Work instruction: Search the records below for the word "bool". Copy each line where it occurs.
(Source information)
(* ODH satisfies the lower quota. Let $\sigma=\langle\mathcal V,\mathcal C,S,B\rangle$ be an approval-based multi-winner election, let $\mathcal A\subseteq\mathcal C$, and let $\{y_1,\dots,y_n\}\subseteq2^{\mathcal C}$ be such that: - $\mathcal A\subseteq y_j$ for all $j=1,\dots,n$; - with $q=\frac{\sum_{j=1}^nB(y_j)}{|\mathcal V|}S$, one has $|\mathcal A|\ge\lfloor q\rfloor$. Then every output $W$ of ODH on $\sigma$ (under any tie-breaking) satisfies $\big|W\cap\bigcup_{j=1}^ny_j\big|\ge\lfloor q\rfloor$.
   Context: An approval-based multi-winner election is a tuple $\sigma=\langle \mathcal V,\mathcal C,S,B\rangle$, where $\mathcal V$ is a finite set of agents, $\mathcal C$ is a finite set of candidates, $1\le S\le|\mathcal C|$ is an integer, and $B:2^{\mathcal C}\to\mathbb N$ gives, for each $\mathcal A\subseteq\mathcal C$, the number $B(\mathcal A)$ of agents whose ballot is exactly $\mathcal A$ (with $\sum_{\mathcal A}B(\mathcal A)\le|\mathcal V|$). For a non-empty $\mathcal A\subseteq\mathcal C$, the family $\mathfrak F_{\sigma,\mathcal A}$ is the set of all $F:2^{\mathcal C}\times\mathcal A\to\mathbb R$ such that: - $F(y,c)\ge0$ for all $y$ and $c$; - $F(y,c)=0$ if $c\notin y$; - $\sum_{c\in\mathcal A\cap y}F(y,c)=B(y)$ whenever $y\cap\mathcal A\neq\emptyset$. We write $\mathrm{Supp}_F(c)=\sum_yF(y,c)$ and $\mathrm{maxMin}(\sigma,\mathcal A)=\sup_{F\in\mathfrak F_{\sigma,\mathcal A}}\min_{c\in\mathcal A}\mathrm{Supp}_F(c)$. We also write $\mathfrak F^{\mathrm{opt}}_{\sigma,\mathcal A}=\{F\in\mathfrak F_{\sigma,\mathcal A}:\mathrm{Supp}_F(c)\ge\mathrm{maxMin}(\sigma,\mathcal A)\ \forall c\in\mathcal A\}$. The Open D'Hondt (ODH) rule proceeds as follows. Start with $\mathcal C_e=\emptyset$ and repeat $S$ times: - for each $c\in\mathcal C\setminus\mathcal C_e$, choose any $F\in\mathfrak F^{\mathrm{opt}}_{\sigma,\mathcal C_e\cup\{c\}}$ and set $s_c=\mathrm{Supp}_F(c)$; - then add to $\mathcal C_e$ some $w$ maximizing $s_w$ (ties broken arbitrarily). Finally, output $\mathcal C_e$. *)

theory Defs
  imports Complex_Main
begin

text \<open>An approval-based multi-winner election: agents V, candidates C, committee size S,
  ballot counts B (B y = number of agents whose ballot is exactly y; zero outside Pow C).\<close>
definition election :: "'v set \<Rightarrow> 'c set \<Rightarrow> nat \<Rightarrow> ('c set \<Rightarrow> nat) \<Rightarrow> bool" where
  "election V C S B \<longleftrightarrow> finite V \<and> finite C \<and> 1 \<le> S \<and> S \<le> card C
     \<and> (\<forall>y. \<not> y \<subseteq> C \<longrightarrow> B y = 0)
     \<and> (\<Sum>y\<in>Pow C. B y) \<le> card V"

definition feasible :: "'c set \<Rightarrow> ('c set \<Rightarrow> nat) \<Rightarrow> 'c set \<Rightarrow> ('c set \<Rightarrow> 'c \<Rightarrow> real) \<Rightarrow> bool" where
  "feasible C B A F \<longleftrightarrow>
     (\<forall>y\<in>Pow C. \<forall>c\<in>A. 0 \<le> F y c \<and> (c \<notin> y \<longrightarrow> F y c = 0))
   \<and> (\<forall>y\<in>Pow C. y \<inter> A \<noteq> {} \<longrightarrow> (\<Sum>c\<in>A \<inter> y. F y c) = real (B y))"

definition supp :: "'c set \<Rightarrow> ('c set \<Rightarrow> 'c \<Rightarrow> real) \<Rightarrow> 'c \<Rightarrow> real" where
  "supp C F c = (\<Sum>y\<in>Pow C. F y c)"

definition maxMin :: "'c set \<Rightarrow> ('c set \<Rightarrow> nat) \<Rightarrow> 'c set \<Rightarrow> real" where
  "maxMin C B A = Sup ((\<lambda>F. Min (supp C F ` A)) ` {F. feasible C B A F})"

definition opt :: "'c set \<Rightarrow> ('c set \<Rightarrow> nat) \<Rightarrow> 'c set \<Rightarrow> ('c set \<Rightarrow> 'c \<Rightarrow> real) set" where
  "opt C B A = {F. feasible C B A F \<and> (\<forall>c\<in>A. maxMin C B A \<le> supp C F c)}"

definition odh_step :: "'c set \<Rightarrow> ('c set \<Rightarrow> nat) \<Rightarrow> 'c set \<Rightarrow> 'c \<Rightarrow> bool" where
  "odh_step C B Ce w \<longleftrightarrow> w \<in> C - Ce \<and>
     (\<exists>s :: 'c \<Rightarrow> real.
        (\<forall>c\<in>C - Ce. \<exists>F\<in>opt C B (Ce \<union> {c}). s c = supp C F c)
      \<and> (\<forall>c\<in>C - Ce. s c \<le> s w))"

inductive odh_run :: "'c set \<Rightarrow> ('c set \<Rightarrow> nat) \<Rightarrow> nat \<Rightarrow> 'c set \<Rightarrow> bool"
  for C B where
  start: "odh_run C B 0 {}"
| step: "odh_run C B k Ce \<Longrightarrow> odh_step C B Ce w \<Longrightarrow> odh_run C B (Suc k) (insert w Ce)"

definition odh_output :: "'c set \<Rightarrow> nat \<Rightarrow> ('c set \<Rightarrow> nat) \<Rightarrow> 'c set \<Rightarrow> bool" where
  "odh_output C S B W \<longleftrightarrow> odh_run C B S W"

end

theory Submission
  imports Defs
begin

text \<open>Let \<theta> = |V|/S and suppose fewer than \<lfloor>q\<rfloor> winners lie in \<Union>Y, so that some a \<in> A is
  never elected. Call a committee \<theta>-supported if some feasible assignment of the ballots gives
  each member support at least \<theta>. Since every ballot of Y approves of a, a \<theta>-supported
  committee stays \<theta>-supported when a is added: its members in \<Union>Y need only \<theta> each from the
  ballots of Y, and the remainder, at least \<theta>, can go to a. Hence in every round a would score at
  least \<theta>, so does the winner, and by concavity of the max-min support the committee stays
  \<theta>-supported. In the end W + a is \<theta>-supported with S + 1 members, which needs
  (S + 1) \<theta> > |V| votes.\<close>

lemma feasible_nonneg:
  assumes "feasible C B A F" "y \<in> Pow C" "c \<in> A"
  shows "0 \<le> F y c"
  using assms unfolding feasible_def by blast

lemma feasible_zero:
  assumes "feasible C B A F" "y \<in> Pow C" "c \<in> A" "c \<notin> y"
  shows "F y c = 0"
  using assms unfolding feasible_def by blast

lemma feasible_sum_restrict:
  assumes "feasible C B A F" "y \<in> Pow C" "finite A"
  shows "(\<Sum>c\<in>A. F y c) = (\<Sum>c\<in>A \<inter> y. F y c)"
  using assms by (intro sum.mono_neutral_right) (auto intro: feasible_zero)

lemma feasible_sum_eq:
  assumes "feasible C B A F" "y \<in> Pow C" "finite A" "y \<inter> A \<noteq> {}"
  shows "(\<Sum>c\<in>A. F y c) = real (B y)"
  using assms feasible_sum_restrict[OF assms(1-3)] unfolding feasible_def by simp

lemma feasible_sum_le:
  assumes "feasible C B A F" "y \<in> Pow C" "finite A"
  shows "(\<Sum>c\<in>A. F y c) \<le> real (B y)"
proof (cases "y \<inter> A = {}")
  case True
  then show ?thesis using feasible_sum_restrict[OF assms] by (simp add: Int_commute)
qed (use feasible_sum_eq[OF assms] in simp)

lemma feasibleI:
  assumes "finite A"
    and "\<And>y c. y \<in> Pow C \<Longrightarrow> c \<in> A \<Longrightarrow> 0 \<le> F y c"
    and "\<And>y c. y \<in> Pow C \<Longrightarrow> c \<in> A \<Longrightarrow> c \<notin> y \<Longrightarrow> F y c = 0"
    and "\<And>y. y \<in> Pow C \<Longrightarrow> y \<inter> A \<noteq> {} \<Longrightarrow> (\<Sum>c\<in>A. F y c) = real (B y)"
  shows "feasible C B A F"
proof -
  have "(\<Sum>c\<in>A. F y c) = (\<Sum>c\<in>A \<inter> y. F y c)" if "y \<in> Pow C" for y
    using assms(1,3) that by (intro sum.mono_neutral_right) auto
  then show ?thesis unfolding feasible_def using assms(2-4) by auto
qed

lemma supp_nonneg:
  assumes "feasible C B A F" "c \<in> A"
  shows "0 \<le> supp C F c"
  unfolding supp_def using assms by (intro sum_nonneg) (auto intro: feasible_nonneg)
(End Source information)
(Source information)
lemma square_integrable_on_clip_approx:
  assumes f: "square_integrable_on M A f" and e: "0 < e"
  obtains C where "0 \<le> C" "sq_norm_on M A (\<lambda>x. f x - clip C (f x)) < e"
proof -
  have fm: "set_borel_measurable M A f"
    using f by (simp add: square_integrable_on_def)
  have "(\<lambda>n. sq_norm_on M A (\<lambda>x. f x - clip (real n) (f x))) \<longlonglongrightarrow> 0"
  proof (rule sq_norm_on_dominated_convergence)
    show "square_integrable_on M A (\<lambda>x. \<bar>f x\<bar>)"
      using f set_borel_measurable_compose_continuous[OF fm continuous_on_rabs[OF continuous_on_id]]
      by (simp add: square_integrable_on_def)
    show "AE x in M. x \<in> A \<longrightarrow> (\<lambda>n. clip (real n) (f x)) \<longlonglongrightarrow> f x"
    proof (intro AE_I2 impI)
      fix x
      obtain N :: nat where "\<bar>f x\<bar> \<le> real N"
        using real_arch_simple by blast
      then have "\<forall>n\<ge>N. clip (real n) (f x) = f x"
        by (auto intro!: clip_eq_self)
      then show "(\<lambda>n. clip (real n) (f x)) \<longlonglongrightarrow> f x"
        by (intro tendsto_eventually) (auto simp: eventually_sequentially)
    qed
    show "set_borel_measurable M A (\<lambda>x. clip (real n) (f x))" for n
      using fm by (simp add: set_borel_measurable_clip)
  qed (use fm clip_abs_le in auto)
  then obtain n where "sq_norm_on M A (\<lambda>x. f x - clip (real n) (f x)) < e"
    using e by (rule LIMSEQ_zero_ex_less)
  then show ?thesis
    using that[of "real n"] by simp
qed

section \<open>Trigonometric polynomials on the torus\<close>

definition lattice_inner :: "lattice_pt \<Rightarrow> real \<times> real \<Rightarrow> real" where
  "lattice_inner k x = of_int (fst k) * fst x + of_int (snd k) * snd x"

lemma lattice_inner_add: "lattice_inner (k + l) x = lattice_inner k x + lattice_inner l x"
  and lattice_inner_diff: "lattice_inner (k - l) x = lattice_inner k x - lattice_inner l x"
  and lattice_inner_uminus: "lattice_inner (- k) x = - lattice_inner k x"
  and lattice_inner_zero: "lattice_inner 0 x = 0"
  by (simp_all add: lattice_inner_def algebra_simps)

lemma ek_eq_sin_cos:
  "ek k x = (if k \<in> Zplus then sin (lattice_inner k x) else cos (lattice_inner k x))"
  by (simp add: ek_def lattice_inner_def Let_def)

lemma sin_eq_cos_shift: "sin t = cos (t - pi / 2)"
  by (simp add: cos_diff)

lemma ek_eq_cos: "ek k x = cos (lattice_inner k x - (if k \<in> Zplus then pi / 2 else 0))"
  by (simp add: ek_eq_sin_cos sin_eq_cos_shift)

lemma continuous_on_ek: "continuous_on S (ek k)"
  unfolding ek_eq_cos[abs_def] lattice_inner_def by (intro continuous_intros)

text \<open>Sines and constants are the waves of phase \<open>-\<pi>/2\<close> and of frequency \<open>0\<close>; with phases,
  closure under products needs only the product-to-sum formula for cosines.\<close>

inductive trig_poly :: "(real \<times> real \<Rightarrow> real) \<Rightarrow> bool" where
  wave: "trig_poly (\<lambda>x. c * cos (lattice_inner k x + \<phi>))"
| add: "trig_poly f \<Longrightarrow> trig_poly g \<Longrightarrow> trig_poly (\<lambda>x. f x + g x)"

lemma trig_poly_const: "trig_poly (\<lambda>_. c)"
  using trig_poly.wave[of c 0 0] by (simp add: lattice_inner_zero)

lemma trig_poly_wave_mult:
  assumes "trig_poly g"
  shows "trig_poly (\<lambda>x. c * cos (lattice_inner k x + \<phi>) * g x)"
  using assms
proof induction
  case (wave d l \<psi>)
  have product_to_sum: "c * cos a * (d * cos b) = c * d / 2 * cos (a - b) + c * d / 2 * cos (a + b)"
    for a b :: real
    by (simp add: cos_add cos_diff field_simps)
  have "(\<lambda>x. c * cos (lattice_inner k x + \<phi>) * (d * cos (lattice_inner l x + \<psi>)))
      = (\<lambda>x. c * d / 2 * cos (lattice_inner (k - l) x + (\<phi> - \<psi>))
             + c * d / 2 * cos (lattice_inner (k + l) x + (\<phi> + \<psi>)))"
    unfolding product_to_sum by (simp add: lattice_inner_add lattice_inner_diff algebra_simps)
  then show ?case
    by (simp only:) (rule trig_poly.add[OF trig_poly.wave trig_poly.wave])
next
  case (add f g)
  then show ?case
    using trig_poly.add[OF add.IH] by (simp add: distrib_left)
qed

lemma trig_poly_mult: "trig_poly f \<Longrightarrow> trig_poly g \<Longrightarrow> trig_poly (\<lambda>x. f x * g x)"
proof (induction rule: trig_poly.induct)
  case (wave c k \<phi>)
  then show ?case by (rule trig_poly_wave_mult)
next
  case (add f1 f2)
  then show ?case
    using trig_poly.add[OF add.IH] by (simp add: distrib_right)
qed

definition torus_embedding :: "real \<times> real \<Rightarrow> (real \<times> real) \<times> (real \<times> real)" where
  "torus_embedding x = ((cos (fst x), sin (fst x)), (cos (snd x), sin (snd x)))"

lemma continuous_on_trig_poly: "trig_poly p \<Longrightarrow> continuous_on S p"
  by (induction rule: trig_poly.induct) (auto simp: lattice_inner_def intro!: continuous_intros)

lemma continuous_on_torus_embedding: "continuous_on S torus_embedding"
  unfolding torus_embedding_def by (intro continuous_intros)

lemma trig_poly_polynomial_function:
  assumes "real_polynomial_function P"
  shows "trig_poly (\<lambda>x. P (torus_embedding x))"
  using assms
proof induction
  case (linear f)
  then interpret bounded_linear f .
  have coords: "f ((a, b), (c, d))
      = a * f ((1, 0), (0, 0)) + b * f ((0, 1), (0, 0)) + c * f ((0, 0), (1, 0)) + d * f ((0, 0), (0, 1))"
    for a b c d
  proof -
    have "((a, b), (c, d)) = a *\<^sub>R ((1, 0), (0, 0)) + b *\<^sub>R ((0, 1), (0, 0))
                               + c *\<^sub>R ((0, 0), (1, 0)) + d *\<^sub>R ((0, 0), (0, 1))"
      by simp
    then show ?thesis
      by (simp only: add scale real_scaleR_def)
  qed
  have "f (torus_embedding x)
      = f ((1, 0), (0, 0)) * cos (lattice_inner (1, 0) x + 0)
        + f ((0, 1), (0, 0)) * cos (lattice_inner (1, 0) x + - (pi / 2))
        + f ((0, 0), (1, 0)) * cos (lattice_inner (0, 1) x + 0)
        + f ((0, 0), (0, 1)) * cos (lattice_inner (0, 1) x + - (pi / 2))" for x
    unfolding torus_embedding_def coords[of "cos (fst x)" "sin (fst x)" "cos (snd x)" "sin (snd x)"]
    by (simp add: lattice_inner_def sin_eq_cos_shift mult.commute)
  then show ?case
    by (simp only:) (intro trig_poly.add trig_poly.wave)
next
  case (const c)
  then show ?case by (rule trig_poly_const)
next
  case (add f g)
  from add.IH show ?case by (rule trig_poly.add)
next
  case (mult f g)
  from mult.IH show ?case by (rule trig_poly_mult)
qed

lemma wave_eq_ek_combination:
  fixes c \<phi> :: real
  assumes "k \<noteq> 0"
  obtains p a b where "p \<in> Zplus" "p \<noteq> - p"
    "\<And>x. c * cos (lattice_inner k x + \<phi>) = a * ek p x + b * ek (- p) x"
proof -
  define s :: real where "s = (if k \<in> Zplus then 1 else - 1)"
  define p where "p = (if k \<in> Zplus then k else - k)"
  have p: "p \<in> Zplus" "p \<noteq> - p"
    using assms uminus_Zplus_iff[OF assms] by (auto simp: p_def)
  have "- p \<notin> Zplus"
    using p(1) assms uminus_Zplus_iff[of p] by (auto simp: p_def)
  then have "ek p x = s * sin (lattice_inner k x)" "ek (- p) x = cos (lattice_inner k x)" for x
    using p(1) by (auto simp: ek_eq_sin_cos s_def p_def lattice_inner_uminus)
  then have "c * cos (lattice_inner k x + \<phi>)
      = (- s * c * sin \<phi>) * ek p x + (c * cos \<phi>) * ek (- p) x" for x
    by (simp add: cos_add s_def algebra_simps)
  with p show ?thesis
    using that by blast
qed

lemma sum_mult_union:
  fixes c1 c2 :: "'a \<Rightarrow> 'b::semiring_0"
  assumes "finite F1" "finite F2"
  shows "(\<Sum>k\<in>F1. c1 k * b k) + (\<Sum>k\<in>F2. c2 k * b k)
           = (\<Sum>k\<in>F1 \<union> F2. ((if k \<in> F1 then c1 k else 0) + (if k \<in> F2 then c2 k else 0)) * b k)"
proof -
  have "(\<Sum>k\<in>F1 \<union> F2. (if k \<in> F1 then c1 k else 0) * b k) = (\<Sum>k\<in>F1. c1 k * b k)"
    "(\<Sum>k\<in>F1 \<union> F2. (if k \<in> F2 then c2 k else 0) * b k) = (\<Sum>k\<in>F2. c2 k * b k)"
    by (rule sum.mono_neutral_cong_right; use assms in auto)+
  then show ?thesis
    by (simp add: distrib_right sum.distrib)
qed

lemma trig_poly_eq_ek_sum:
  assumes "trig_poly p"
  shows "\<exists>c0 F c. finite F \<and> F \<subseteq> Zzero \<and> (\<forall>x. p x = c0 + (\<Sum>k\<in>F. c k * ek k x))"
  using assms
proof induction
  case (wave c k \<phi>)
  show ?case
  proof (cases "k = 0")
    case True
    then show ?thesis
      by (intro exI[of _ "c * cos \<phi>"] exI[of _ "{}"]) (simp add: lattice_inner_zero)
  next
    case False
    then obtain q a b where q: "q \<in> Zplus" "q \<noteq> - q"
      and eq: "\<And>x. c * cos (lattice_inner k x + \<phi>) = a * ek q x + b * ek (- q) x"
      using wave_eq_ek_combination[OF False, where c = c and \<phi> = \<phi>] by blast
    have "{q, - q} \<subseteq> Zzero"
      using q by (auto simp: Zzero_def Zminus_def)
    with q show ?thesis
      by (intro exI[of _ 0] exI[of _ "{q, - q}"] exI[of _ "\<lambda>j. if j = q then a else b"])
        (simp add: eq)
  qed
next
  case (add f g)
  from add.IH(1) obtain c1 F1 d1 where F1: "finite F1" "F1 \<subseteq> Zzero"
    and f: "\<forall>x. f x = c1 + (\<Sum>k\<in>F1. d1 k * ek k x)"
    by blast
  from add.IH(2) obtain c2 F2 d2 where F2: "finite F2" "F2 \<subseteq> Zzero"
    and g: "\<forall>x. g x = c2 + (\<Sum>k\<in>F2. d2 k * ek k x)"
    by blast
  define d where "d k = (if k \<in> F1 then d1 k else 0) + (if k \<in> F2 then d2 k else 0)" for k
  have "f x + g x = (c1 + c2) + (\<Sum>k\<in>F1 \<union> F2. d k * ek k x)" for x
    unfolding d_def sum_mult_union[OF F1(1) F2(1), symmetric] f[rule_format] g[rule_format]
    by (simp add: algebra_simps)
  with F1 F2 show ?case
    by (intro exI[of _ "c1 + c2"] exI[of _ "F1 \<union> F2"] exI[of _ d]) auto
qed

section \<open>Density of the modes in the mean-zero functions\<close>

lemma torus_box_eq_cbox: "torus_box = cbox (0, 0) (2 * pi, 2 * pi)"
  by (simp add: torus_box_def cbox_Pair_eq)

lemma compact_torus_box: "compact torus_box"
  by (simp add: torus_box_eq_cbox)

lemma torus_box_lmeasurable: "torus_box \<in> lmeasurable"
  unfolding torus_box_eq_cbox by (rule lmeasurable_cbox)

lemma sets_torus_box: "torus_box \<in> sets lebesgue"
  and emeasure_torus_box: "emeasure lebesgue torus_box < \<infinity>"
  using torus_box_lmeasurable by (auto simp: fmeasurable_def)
(End Source information)
Solution to this task:
definition election :: "'v set \<Rightarrow> 'c set \<Rightarrow> nat \<Rightarrow> ('c set \<Rightarrow> nat) \<Rightarrow> bool" where
definition feasible :: "'c set \<Rightarrow> ('c set \<Rightarrow> nat) \<Rightarrow> 'c set \<Rightarrow> ('c set \<Rightarrow> 'c \<Rightarrow> real) \<Rightarrow> bool" where
definition odh_step :: "'c set \<Rightarrow> ('c set \<Rightarrow> nat) \<Rightarrow> 'c set \<Rightarrow> 'c \<Rightarrow> bool" where
inductive odh_run :: "'c set \<Rightarrow> ('c set \<Rightarrow> nat) \<Rightarrow> nat \<Rightarrow> 'c set \<Rightarrow> bool"
definition odh_output :: "'c set \<Rightarrow> nat \<Rightarrow> ('c set \<Rightarrow> nat) \<Rightarrow> 'c set \<Rightarrow> bool" where
inductive trig_poly :: "(real \<times> real \<Rightarrow> real) \<Rightarrow> bool" where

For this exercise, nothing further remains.